Extracted data entries
* * *
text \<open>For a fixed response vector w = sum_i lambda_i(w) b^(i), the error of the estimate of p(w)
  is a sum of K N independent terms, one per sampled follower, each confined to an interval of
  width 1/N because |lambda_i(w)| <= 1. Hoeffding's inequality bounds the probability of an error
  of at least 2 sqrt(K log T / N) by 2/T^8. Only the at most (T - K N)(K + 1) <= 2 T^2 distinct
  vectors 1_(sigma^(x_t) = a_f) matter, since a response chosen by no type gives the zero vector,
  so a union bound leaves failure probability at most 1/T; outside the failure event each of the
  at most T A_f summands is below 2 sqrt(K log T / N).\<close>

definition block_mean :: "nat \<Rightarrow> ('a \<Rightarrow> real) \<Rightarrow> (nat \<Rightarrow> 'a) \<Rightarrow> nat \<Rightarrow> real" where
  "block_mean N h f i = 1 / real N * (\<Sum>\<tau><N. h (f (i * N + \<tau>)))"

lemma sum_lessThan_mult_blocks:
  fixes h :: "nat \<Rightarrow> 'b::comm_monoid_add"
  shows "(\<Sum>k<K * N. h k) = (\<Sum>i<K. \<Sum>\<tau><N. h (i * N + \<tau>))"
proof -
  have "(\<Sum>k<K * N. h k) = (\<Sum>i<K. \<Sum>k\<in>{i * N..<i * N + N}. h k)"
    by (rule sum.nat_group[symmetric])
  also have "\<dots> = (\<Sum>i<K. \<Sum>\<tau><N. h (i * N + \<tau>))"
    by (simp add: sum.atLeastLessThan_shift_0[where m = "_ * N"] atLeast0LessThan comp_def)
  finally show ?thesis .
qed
* * *
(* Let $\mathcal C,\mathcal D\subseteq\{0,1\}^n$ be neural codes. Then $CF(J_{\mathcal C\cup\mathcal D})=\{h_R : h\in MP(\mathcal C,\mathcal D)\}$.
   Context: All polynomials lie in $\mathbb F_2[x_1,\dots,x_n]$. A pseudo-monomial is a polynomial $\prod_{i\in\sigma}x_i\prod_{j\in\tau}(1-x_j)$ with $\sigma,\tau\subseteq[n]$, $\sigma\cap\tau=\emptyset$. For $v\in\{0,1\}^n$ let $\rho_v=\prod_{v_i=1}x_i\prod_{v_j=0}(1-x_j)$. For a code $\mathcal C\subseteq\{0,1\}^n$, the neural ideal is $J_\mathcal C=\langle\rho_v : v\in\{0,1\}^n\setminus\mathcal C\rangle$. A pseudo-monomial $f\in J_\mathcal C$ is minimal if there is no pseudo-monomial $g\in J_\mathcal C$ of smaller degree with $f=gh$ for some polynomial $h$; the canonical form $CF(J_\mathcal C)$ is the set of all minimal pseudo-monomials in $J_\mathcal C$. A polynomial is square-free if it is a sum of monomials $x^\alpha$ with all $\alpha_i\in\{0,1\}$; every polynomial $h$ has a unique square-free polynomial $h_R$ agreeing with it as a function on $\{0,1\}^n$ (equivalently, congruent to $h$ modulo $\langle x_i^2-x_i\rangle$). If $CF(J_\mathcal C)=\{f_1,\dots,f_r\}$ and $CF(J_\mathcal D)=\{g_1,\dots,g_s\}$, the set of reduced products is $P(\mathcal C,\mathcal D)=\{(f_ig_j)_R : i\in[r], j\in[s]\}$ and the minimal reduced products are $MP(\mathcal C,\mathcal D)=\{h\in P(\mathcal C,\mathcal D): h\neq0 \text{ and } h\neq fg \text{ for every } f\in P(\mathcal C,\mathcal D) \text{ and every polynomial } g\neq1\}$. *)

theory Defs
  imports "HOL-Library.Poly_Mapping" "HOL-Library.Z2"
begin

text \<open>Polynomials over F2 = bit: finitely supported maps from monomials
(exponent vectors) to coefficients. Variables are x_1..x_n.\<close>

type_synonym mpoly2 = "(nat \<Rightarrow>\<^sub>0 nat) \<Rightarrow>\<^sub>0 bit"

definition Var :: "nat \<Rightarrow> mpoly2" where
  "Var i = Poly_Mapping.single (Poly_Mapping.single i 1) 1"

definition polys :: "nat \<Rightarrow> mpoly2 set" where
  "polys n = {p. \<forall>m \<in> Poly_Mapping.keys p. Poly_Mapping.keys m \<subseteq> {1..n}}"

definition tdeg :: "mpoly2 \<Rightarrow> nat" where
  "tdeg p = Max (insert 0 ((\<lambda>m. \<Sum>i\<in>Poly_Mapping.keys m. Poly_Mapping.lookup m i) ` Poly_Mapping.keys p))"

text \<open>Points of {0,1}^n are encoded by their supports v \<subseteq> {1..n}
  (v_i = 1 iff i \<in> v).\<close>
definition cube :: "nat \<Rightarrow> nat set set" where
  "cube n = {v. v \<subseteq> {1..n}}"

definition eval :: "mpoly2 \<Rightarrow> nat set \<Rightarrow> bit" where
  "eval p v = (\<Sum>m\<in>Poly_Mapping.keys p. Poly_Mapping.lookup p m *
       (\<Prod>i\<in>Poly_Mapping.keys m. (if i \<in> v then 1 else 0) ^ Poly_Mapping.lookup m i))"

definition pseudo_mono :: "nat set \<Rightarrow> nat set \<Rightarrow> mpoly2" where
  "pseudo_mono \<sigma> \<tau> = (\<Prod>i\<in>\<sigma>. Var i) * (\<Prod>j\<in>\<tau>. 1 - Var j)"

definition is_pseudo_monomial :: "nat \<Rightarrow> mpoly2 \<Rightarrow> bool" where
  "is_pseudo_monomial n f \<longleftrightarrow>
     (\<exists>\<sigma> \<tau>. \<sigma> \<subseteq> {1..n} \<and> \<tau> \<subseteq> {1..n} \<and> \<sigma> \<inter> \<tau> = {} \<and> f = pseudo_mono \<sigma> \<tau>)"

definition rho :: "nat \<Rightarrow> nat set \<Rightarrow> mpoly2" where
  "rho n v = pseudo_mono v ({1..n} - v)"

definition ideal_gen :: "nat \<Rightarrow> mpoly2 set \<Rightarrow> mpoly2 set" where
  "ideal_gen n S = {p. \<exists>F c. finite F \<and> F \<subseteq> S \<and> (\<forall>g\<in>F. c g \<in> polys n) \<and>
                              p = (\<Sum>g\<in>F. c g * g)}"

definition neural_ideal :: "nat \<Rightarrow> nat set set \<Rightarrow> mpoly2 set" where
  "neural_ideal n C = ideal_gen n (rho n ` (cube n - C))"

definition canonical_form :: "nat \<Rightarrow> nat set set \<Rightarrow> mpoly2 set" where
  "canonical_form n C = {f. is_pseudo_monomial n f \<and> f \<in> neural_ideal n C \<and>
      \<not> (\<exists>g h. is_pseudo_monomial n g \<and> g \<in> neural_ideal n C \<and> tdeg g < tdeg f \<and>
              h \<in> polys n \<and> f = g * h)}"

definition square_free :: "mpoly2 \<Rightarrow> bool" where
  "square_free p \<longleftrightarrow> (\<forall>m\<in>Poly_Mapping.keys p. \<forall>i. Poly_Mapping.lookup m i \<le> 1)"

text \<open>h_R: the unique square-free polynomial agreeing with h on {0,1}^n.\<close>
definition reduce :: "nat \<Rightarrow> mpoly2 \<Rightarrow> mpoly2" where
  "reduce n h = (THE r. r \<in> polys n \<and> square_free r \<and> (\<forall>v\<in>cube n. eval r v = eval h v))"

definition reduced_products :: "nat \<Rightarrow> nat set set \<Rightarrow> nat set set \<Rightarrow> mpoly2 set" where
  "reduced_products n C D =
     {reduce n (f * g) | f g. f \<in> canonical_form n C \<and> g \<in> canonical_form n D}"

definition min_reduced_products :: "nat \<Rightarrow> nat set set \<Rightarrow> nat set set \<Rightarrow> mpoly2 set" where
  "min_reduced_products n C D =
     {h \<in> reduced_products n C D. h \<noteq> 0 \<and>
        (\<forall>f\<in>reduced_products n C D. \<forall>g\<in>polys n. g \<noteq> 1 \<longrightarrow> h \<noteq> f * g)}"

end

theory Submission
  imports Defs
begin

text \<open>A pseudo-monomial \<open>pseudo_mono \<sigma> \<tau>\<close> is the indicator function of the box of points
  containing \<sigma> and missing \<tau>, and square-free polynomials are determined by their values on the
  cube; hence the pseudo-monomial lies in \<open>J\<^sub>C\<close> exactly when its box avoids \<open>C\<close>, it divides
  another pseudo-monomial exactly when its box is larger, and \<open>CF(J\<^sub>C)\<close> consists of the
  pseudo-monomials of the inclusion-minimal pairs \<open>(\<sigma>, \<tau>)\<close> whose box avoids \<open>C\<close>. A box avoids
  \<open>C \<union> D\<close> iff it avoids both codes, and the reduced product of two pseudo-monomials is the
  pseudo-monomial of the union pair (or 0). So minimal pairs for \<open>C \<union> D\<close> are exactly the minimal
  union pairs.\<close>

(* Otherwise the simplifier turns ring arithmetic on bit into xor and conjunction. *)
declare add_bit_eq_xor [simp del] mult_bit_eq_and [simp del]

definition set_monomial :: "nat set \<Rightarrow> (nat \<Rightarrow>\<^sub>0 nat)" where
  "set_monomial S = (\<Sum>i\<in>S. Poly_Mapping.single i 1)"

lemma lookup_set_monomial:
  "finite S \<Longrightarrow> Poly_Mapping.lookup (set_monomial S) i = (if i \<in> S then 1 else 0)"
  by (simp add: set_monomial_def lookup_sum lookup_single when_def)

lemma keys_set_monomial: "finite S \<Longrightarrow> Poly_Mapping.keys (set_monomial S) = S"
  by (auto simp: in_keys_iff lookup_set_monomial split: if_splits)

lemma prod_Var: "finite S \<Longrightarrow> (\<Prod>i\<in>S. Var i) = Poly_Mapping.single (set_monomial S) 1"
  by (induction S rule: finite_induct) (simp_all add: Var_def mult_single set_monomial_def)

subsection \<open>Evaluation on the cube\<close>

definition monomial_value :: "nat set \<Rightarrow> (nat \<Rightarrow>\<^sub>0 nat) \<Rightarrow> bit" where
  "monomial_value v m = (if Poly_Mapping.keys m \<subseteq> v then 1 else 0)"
* * *
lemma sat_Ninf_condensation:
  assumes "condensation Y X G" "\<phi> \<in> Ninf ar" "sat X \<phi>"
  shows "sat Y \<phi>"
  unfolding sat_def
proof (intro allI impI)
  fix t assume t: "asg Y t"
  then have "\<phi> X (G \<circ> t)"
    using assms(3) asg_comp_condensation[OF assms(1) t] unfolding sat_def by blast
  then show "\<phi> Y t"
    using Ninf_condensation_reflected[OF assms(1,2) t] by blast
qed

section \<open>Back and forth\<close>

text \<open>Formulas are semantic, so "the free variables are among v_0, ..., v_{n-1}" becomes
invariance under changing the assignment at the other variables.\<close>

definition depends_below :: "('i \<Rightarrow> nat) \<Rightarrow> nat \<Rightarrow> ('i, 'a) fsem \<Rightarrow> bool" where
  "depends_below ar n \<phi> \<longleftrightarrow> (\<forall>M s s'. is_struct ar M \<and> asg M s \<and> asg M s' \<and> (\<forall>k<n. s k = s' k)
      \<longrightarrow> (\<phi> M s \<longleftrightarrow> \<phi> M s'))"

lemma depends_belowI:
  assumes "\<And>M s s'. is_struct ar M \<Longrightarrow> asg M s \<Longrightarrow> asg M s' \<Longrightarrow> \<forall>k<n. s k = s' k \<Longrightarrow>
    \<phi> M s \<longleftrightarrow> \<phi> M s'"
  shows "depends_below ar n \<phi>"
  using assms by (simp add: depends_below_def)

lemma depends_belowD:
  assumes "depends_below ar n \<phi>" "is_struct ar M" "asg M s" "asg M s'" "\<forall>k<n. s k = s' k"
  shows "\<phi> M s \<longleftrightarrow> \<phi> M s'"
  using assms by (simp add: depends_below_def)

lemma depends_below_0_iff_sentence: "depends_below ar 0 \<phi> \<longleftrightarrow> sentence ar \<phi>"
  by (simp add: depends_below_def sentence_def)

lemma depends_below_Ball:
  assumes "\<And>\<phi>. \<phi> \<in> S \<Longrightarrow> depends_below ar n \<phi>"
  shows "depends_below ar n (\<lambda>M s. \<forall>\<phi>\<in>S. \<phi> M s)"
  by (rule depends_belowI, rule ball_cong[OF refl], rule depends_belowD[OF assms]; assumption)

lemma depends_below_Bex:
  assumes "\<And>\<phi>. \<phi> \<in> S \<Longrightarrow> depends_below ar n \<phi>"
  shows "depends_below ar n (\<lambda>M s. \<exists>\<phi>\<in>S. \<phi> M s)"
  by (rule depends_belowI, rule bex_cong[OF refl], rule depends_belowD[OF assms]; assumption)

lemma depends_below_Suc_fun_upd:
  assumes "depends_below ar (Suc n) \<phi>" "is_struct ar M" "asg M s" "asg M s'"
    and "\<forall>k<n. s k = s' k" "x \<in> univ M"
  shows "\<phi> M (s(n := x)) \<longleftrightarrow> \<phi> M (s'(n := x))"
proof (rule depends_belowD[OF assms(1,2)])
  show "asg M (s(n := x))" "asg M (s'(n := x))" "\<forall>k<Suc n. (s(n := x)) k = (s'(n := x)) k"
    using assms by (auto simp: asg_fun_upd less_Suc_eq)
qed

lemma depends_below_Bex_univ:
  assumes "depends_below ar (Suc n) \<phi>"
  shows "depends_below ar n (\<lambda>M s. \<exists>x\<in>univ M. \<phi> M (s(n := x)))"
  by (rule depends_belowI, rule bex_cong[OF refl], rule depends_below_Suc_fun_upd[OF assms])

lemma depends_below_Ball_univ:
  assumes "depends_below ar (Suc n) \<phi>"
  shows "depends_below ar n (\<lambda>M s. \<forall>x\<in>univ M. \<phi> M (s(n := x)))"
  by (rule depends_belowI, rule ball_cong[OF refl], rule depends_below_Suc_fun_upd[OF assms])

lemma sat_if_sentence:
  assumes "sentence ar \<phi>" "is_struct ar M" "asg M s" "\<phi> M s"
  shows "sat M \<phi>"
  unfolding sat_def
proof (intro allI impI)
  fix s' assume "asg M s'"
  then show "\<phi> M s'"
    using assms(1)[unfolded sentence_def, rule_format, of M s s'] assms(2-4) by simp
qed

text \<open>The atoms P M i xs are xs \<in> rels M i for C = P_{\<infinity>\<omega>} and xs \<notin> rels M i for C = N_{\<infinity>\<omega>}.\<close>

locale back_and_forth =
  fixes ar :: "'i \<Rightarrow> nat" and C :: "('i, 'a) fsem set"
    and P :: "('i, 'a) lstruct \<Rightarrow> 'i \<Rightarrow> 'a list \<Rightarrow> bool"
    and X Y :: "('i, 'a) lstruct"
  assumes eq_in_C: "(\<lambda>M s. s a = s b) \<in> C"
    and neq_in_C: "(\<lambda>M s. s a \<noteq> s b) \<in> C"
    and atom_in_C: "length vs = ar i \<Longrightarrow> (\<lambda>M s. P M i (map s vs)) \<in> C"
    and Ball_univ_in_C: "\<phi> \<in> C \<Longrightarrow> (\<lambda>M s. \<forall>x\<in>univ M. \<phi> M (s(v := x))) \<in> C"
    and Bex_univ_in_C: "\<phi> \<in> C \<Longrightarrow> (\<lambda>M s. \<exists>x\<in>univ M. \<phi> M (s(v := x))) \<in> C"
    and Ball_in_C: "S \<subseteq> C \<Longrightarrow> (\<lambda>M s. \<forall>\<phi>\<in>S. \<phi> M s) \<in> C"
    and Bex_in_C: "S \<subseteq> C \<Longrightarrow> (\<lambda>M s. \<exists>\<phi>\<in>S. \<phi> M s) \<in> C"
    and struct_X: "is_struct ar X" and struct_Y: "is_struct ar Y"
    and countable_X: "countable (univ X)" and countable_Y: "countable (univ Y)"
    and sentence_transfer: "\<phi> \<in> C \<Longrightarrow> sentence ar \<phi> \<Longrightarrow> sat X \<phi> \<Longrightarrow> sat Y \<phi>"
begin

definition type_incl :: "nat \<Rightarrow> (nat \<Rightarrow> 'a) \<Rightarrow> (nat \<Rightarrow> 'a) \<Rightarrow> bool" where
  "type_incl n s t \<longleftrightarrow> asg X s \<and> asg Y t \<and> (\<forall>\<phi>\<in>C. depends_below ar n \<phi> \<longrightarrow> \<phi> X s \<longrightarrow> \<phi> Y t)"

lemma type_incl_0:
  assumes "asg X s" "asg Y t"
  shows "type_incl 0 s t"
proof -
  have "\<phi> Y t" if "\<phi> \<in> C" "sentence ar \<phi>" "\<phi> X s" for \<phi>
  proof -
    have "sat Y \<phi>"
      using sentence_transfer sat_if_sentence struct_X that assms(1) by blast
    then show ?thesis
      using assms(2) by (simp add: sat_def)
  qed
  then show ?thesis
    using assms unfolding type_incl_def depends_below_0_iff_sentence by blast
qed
* * *
TASK STATEMENT |
Your answer should be only the number of lines in the records that hold the word "vectors".

EXERCISE SOLUTION |
2